• YOUR GOAL:
Only the lines below, from the one with "using assms by" through the one with "(\<exists>a\<in>I. a <", are to be written out, exactly.

************

lemma diag_block1_mult:
  assumes X: "X \<in> carrier_mat n m" and Y: "Y \<in> carrier_mat m k"
  shows "diag_block1 a X * diag_block1 b Y = diag_block1 (a*b) (X*Y)"
proof (rule eq_matI)
  fix i j assume i: "i < dim_row (diag_block1 (a*b) (X*Y))" and j: "j < dim_col (diag_block1 (a*b) (X*Y))"
  have "(diag_block1 a X * diag_block1 b Y) $$ (i,j) = (\<Sum>l<Suc m. diag_block1 a X $$ (i,l) * diag_block1 b Y $$ (l,j))"
    using i j X Y by (simp add: scalar_prod_def atLeast0LessThan row_def col_def diag_block1_def)
  also have "\<dots> = diag_block1 a X $$ (i,0) * diag_block1 b Y $$ (0,j)
      + (\<Sum>l<m. diag_block1 a X $$ (i,Suc l) * diag_block1 b Y $$ (Suc l,j))"
    by (rule sum.lessThan_Suc_shift)
  also have "\<dots> = diag_block1 (a*b) (X*Y) $$ (i,j)"
    using i j X Y
    by (cases i; cases j) (auto simp: diag_block1_index diag_block1_def scalar_prod_def atLeast0LessThan row_def col_def)
  finally show "(diag_block1 a X * diag_block1 b Y) $$ (i,j) = diag_block1 (a*b) (X*Y) $$ (i,j)" .
qed (use X Y in \<open>auto simp: diag_block1_def\<close>)

lemma diag_block1_transpose: "transpose_mat (diag_block1 a X) = diag_block1 a (transpose_mat X)"
  by (rule eq_matI) (auto simp: diag_block1_index diag_block1_def)

lemma diag_block1_one: "diag_block1 1 (1\<^sub>m n) = 1\<^sub>m (Suc n)"
  by (rule eq_matI) (auto simp: diag_block1_index diag_block1_def)

lemma diagonal_mat_diag_block1: "diagonal_mat D \<Longrightarrow> diagonal_mat (diag_block1 a D)"
  unfolding diagonal_mat_def by (auto simp: diag_block1_index diag_block1_def)

text \<open>For \<open>u = 0\<close> this is the identity matrix, since \<open>2 / 0 = 0\<close>.\<close>

definition householder :: "nat \<Rightarrow> real vec \<Rightarrow> real mat" where
  "householder n u = mat n n (\<lambda>(i,j). (if i = j then 1 else 0) - 2 / (u \<bullet> u) * u$i * u$j)"

lemma householder_carrier [simp]: "householder n u \<in> carrier_mat n n"
  unfolding householder_def by auto

lemma householder_dims [simp]: "dim_row (householder n u) = n" "dim_col (householder n u) = n"
  unfolding householder_def by auto

lemma householder_transpose: "transpose_mat (householder n u) = householder n u"
  unfolding householder_def by (rule eq_matI) auto

lemma householder_square:
  assumes u: "u \<in> carrier_vec n"
  shows "householder n u * householder n u = 1\<^sub>m n"
proof (rule eq_matI)
  fix i j assume "i < dim_row (1\<^sub>m n :: real mat)" and "j < dim_col (1\<^sub>m n :: real mat)"
  hence i: "i < n" and j: "j < n" by auto
  define c where "c = 2 / (u \<bullet> u)"
  define d where "d = (\<lambda>a b::nat. if a = b then 1 else (0::real))"
  have delta: "(\<Sum>k<n. d a k * f k) = f a" "(\<Sum>k<n. f k * d k a) = f a"
    if "a < n" for a and f :: "nat \<Rightarrow> real"
    using that by (simp_all add: d_def if_distrib if_distribR cong: if_cong)
  have "(householder n u * householder n u) $$ (i,j) = (\<Sum>k<n. (d i k - c*u$i*u$k) * (d k j - c*u$k*u$j))"
    using i j by (simp add: householder_def scalar_prod_def atLeast0LessThan row_def col_def d_def c_def)
  also have "\<dots> = (\<Sum>k<n. d i k * d k j) - c*(\<Sum>k<n. d i k * u$k)*u$j - c*u$i*(\<Sum>k<n. u$k * d k j)
     + c^2*u$i*u$j*(\<Sum>k<n. u$k*u$k)"
    by (simp add: sum_subtractf sum.distrib sum_distrib_left sum_distrib_right algebra_simps power2_eq_square)
  also have "\<dots> = d i j - 2*c*u$i*u$j + c^2*(u \<bullet> u)*u$i*u$j"
    using u delta(1)[OF i, of "\<lambda>k. d k j"] delta(1)[OF i, of "\<lambda>k. u$k"] delta(2)[OF j, of "\<lambda>k. u$k"]
    by (simp add: scalar_prod_def atLeast0LessThan)
  also have "c^2 * (u \<bullet> u) = 2 * c"
    unfolding c_def by (cases "u \<bullet> u = 0") (simp_all add: power2_eq_square)
  finally show "(householder n u * householder n u) $$ (i,j) = 1\<^sub>m n $$ (i,j)"
    using i j by (simp add: d_def)
qed auto

lemma householder_unit_vec_0:
  fixes w :: "real vec"
  assumes w: "w \<in> carrier_vec n" and n: "n > 0" and ww: "w \<bullet> w = 1"
  shows "householder n (w - unit_vec n 0) *\<^sub>v unit_vec n 0 = w"
proof (rule eq_vecI)
  let ?u = "w - unit_vec n 0"
  have u: "?u \<in> carrier_vec n" using w by auto
  have e: "unit_vec n 0 \<in> carrier_vec n" by simp
  have uu: "?u \<bullet> ?u = 2 - 2 * w$0"
    using w n ww e
    by (simp add: minus_scalar_prod_distrib[OF w e u] scalar_prod_minus_distrib[OF w w e]
        scalar_prod_minus_distrib[OF e w e] comm_scalar_prod[OF e w])
  fix i assume "i < dim_vec w"
  hence i: "i < n" using w by auto
  have lhs: "(householder n ?u *\<^sub>v unit_vec n 0) $ i = (if i = 0 then 1 else 0) - 2 / (?u \<bullet> ?u) * ?u$i * ?u$0"
    using i n by (simp add: householder_def)
  show "(householder n ?u *\<^sub>v unit_vec n 0) $ i = w $ i"
  proof (cases "?u \<bullet> ?u = 0")
    case True
    hence "?u $ i = 0" using scalar_prod_self_eq_0_iff[OF u] i by simp
    thus ?thesis unfolding lhs using True i w by auto
  next
    case False
    hence "2 / (?u \<bullet> ?u) * ?u$0 = -1" using uu n w by (auto simp: field_simps)
    hence "2 / (?u \<bullet> ?u) * ?u$i * ?u$0 = - ?u$i" by (metis mult.assoc mult.commute mult_minus1_right)
    thus ?thesis unfolding lhs using i w n by auto
  qed
qed (use w in auto)
(* Let $Y$ be a topological space and let $f\colon[0,1]\to Y$ be a function whose graph $\{(x,f(x))\colon x\in[0,1]\}$, with the subspace topology inherited from the product $[0,1]\times Y$, is connected and locally connected. Then $f$ is continuous.
   Context: $[0,1]$ carries its usual Euclidean topology. *)

theory Defs
  imports "HOL-Analysis.Analysis"
begin

end

theory Submission
  imports Defs
begin

text \<open>Let \<open>x\<^sub>0 \<in> S\<close> and \<open>f x\<^sub>0 \<in> V\<close> with \<open>V\<close> open. By local connectedness the graph point
  \<open>(x\<^sub>0, f x\<^sub>0)\<close> has a connected open neighbourhood \<open>U\<close> inside the graph over \<open>f -` V\<close>;
  its projection \<open>I\<close> is an interval in \<open>f -` V\<close> containing \<open>x\<^sub>0\<close>. If \<open>I\<close> had no point
  to the right of \<open>x\<^sub>0\<close> although \<open>S\<close> does, the graph points over \<open>{..x\<^sub>0}\<close> would form a
  proper clopen set: closed as a preimage, and open as the union of the graph points over
  \<open>{..<x\<^sub>0}\<close> with \<open>U\<close>, because \<open>(x\<^sub>0, f x\<^sub>0)\<close> is the only graph point over \<open>x\<^sub>0\<close>.
  Together with the symmetric argument, \<open>I\<close> is a neighbourhood of \<open>x\<^sub>0\<close> in \<open>S\<close>.\<close>

definition graph_topology :: "real set \<Rightarrow> 'b topology \<Rightarrow> (real \<Rightarrow> 'b) \<Rightarrow> (real \<times> 'b) topology"
  where "graph_topology S Y f =
    subtopology (prod_topology (top_of_set S) Y) ((\<lambda>x. (x, f x)) ` S)"

lemma topspace_graph_topology:
  assumes "f \<in> S \<rightarrow> topspace Y"
  shows "topspace (graph_topology S Y f) = (\<lambda>x. (x, f x)) ` S"
  using assms by (auto simp: graph_topology_def)

lemma continuous_map_fst_graph_topology:
  "continuous_map (graph_topology S Y f) euclidean fst"
  unfolding graph_topology_def
  by (metis continuous_map_from_subtopology continuous_map_fst continuous_map_into_fulltopology)

lemma connected_space_image_subset_insert_open:
  assumes conn: "connected_space X" and p: "continuous_map X euclidean p"
    and "open W" "closed (insert (p z\<^sub>0) W)"
    and U: "openin X U" "z\<^sub>0 \<in> U" "p ` U \<subseteq> insert (p z\<^sub>0) W"
    and unique: "\<And>z. z \<in> topspace X \<Longrightarrow> p z = p z\<^sub>0 \<Longrightarrow> z = z\<^sub>0"
  shows "p ` topspace X \<subseteq> insert (p z\<^sub>0) W"
proof -
  define K where "K = {z \<in> topspace X. p z \<in> insert (p z\<^sub>0) W}"
  have "closedin X K"
    unfolding K_def using p \<open>closed (insert (p z\<^sub>0) W)\<close>
    by (simp only: closed_closedin closedin_continuous_map_preimage)
  moreover have "K = {z \<in> topspace X. p z \<in> W} \<union> U"
    using U unique openin_subset[OF U(1)] by (auto simp: K_def)
  then have "openin X K"
    using p \<open>open W\<close> U(1) by (simp add: openin_Un openin_continuous_map_preimage)
  moreover have "z\<^sub>0 \<in> K"
    using U openin_subset[OF U(1)] by (auto simp: K_def)
  ultimately have "K = topspace X"
    using conn connected_space_clopen_in by blast
  then show ?thesis by (auto simp: K_def)
qed

lemma interval_neighbourhood_within:
  fixes I S :: "real set"
  assumes "is_interval I" "x\<^sub>0 \<in> I" "x\<^sub>0 \<in> S"
    and right: "S \<subseteq> {..x\<^sub>0} \<or> (\<exists>b\<in>I. x\<^sub>0 < b)"
    and left: "S \<subseteq> {x\<^sub>0..} \<or> (\<exists>a\<in>I. a < x\<^sub>0)"
  shows "\<exists>T. openin (top_of_set S) T \<and> x\<^sub>0 \<in> T \<and> T \<subseteq> I"
proof -
  obtain a where a: "a < x\<^sub>0" "S \<subseteq> {x\<^sub>0..} \<or> a \<in> I"
    using left by (metis lt_ex)
  obtain b where b: "x\<^sub>0 < b" "S \<subseteq> {..x\<^sub>0} \<or> b \<in> I"
    using right by (metis gt_ex)
  have convex_I: "\<And>u w v. u \<in> I \<Longrightarrow> w \<in> I \<Longrightarrow> u \<le> v \<Longrightarrow> v \<le> w \<Longrightarrow> v \<in> I"
    using assms(1) unfolding is_interval_1 by blast
  have "S \<inter> {a<..<b} \<subseteq> I"
  proof
    fix t assume t: "t \<in> S \<inter> {a<..<b}"
    consider "t = x\<^sub>0" | "t < x\<^sub>0" "a \<in> I" | "x\<^sub>0 < t" "b \<in> I"
      using t a(2) b(2) by fastforce
    then show "t \<in> I"
    proof cases
      case 2
      show ?thesis
        by (rule convex_I[of a "x\<^sub>0" t]) (use 2 t \<open>x\<^sub>0 \<in> I\<close> in auto)
    next
      case 3
      show ?thesis
        by (rule convex_I[of "x\<^sub>0" b t]) (use 3 t \<open>x\<^sub>0 \<in> I\<close> in auto)
    qed (use \<open>x\<^sub>0 \<in> I\<close> in simp)
  qed
  moreover have "openin (top_of_set S) (S \<inter> {a<..<b})"
    by (simp add: openin_open_Int)
  moreover have "x\<^sub>0 \<in> S \<inter> {a<..<b}"
    using a(1) b(1) \<open>x\<^sub>0 \<in> S\<close> by simp
  ultimately show ?thesis by blast
qed

lemma fst_image_neighbourhood_graph:
  assumes f: "f \<in> S \<rightarrow> topspace Y" and x\<^sub>0: "x\<^sub>0 \<in> S"
    and conn: "connected_space (graph_topology S Y f)"
    and U: "openin (graph_topology S Y f) U" "connectedin (graph_topology S Y f) U"
      "(x\<^sub>0, f x\<^sub>0) \<in> U"
  shows "\<exists>T. openin (top_of_set S) T \<and> x\<^sub>0 \<in> T \<and> T \<subseteq> fst ` U"
proof (rule interval_neighbourhood_within)
  let ?G = "graph_topology S Y f"
  have p: "continuous_map ?G euclidean fst"
    by (rule continuous_map_fst_graph_topology)
  have graph: "topspace ?G = (\<lambda>x. (x, f x)) ` S"
    using f by (rule topspace_graph_topology)
  have unique: "\<And>z. z \<in> topspace ?G \<Longrightarrow> fst z = fst (x\<^sub>0, f x\<^sub>0) \<Longrightarrow> z = (x\<^sub>0, f x\<^sub>0)"
    using graph by auto
  have "connectedin euclidean (fst ` U)"
    using p U(2) by (rule connectedin_continuous_map_image)
  then show "is_interval (fst ` U)"
    by (simp add: is_interval_connected_1)
  show "x\<^sub>0 \<in> fst ` U" "x\<^sub>0 \<in> S"
    using U(3) x\<^sub>0 by force+
  show "S \<subseteq> {..x\<^sub>0} \<or> (\<exists>b\<in>fst ` U. x\<^sub>0 < b)"
  proof (rule disjCI)
    assume "\<not> (\<exists>b\<in>fst ` U. x\<^sub>0 < b)"
    then have "fst ` U \<subseteq> {..x\<^sub>0}" by force
    moreover have "insert x\<^sub>0 {..<x\<^sub>0} = {..x\<^sub>0}" by auto
    ultimately have "fst ` topspace ?G \<subseteq> {..x\<^sub>0}"
      using connected_space_image_subset_insert_open[OF conn p _ _ U(1,3) _ unique, of "{..<x\<^sub>0}"]
      by force
    then show "S \<subseteq> {..x\<^sub>0}" using graph by force
  qed
  show "S \<subseteq> {x\<^sub>0..} \<or> (\<exists>a\<in>fst ` U. a < x\<^sub>0)"
  proof (rule disjCI)
    assume "\<not> (\<exists>a\<in>fst ` U. a < x\<^sub>0)"
    then have "fst ` U \<subseteq> {x\<^sub>0..}" by force
    moreover have "insert x\<^sub>0 {x\<^sub>0<..} = {x\<^sub>0..}" by auto
    ultimately have "fst ` topspace ?G \<subseteq> {x\<^sub>0..}"
      using connected_space_image_subset_insert_open[OF conn p _ _ U(1,3) _ unique, of "{x\<^sub>0<..}"]
      by force
    then show "S \<subseteq> {x\<^sub>0..}" using graph by force
  qed
qed

theorem continuous_map_if_graph_locally_connected:
  assumes f: "f \<in> S \<rightarrow> topspace Y"
    and conn: "connected_space (graph_topology S Y f)"
    and lc: "locally_connected_space (graph_topology S Y f)"
  shows "continuous_map (top_of_set S) Y f"
  unfolding continuous_map_openin_preimage_eq
proof (intro conjI allI impI)
  show "f \<in> topspace (top_of_set S) \<rightarrow> topspace Y"
    using f by simp
  fix V assume V: "openin Y V"
  let ?G = "graph_topology S Y f"
  show "openin (top_of_set S) (topspace (top_of_set S) \<inter> f -` V)"
    unfolding openin_subopen[of _ "topspace (top_of_set S) \<inter> f -` V"]
  proof
    fix x\<^sub>0 assume "x\<^sub>0 \<in> topspace (top_of_set S) \<inter> f -` V"
    then have x\<^sub>0: "x\<^sub>0 \<in> S" "f x\<^sub>0 \<in> V" by auto
    have "openin (prod_topology (top_of_set S) Y) (S \<times> V)"
      using V by (simp add: openin_prod_Times_iff)
    then have "openin ?G ((\<lambda>x. (x, f x)) ` S \<inter> (S \<times> V))"
      unfolding graph_topology_def by (metis inf_commute openin_subtopology_Int2)
    moreover have "(x\<^sub>0, f x\<^sub>0) \<in> (\<lambda>x. (x, f x)) ` S \<inter> (S \<times> V)"
      using x\<^sub>0 by auto
    ultimately obtain U where U: "openin ?G U" "connectedin ?G U" "(x\<^sub>0, f x\<^sub>0) \<in> U"
        "U \<subseteq> (\<lambda>x. (x, f x)) ` S \<inter> (S \<times> V)"
      using lc unfolding locally_connected_space_alt neighbourhood_base_of by blast
    obtain T where T: "openin (top_of_set S) T" "x\<^sub>0 \<in> T" "T \<subseteq> fst ` U"
      using fst_image_neighbourhood_graph[OF f x\<^sub>0(1) conn U(1-3)] by blast
    have "fst ` U \<subseteq> topspace (top_of_set S) \<inter> f -` V"
      using U(4) by fastforce
    with T(3) have "T \<subseteq> topspace (top_of_set S) \<inter> f -` V"
      by (rule order_trans)
    with T(1,2) show "\<exists>T. openin (top_of_set S) T \<and> x\<^sub>0 \<in> T \<and>
        T \<subseteq> topspace (top_of_set S) \<inter> f -` V"
      by blast
  qed
qed

theorem mainTheorem4:
  fixes Y :: "'b topology" and f :: "real \<Rightarrow> 'b"
  assumes "f \<in> {0..1} \<rightarrow> topspace Y"
    and "connected_space (subtopology (prod_topology (top_of_set {0..1::real}) Y)
                           ((\<lambda>x. (x, f x)) ` {0..1}))"
    and "locally_connected_space (subtopology (prod_topology (top_of_set {0..1::real}) Y)
                           ((\<lambda>x. (x, f x)) ` {0..1}))"
  shows "continuous_map (top_of_set {0..1::real}) Y f"
  by (rule continuous_map_if_graph_locally_connected)
    (use assms in \<open>simp_all add: graph_topology_def\<close>)

end
lemma (in finite_measure) measure_UN_le_if_incseq:
  assumes "range A \<subseteq> sets M" "incseq A" "\<And>d. measure M (A d) \<le> B"
  shows "measure M (\<Union>d. A d) \<le> B"
  using LIMSEQ_le_const2[OF finite_Lim_measure_incseq[OF assms(1,2)]] assms(3) by blast

locale nonneg_martingale = prob_space Q for Q :: "'a measure" +
  fixes F :: "nat \<Rightarrow> 'a measure" and X :: "nat \<Rightarrow> 'a \<Rightarrow> real"
  assumes filtration: "is_filtration Q F" and martingale: "is_martingale Q F X"
    and X_nonneg: "\<And>t \<omega>. \<omega> \<in> space Q \<Longrightarrow> X t \<omega> \<ge> 0"
begin

lemma subalgebra_F: "subalgebra Q (F t)"
  using filtration by (simp add: is_filtration_def)

lemma space_F [simp]: "space (F t) = space Q"
  using subalgebra_F by (simp add: subalgebra_def)

lemma sets_F_mono: "s \<le> t \<Longrightarrow> sets (F s) \<subseteq> sets (F t)"
  using filtration by (simp add: is_filtration_def)

lemma sets_F_subset: "A \<in> sets (F t) \<Longrightarrow> A \<in> sets Q"
  using subalgebra_F by (auto simp: subalgebra_def)

lemma measurable_F_imp_measurable: "f \<in> measurable (F t) N \<Longrightarrow> f \<in> measurable Q N"
  by (rule measurable_from_subalg[OF subalgebra_F])

lemma borel_measurable_X_F: "X t \<in> borel_measurable (F t)"
  using martingale by (simp add: is_martingale_def)

lemma borel_measurable_X [measurable]: "X t \<in> borel_measurable Q"
  by (rule measurable_F_imp_measurable[OF borel_measurable_X_F])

************

• WRITTEN RESPONSE:
  using assms by (auto simp: graph_topology_def)

lemma continuous_map_fst_graph_topology:
  "continuous_map (graph_topology S Y f) euclidean fst"
  unfolding graph_topology_def
  by (metis continuous_map_from_subtopology continuous_map_fst continuous_map_into_fulltopology)

lemma connected_space_image_subset_insert_open:
  assumes conn: "connected_space X" and p: "continuous_map X euclidean p"
    and "open W" "closed (insert (p z\<^sub>0) W)"
    and U: "openin X U" "z\<^sub>0 \<in> U" "p ` U \<subseteq> insert (p z\<^sub>0) W"
    and unique: "\<And>z. z \<in> topspace X \<Longrightarrow> p z = p z\<^sub>0 \<Longrightarrow> z = z\<^sub>0"
  shows "p ` topspace X \<subseteq> insert (p z\<^sub>0) W"
proof -
  define K where "K = {z \<in> topspace X. p z \<in> insert (p z\<^sub>0) W}"
  have "closedin X K"
    unfolding K_def using p \<open>closed (insert (p z\<^sub>0) W)\<close>
    by (simp only: closed_closedin closedin_continuous_map_preimage)
  moreover have "K = {z \<in> topspace X. p z \<in> W} \<union> U"
    using U unique openin_subset[OF U(1)] by (auto simp: K_def)
  then have "openin X K"
    using p \<open>open W\<close> U(1) by (simp add: openin_Un openin_continuous_map_preimage)
  moreover have "z\<^sub>0 \<in> K"
    using U openin_subset[OF U(1)] by (auto simp: K_def)
  ultimately have "K = topspace X"
    using conn connected_space_clopen_in by blast
  then show ?thesis by (auto simp: K_def)
qed

lemma interval_neighbourhood_within:
  fixes I S :: "real set"
  assumes "is_interval I" "x\<^sub>0 \<in> I" "x\<^sub>0 \<in> S"
    and right: "S \<subseteq> {..x\<^sub>0} \<or> (\<exists>b\<in>I. x\<^sub>0 < b)"
    and left: "S \<subseteq> {x\<^sub>0..} \<or> (\<exists>a\<in>I. a < x\<^sub>0)"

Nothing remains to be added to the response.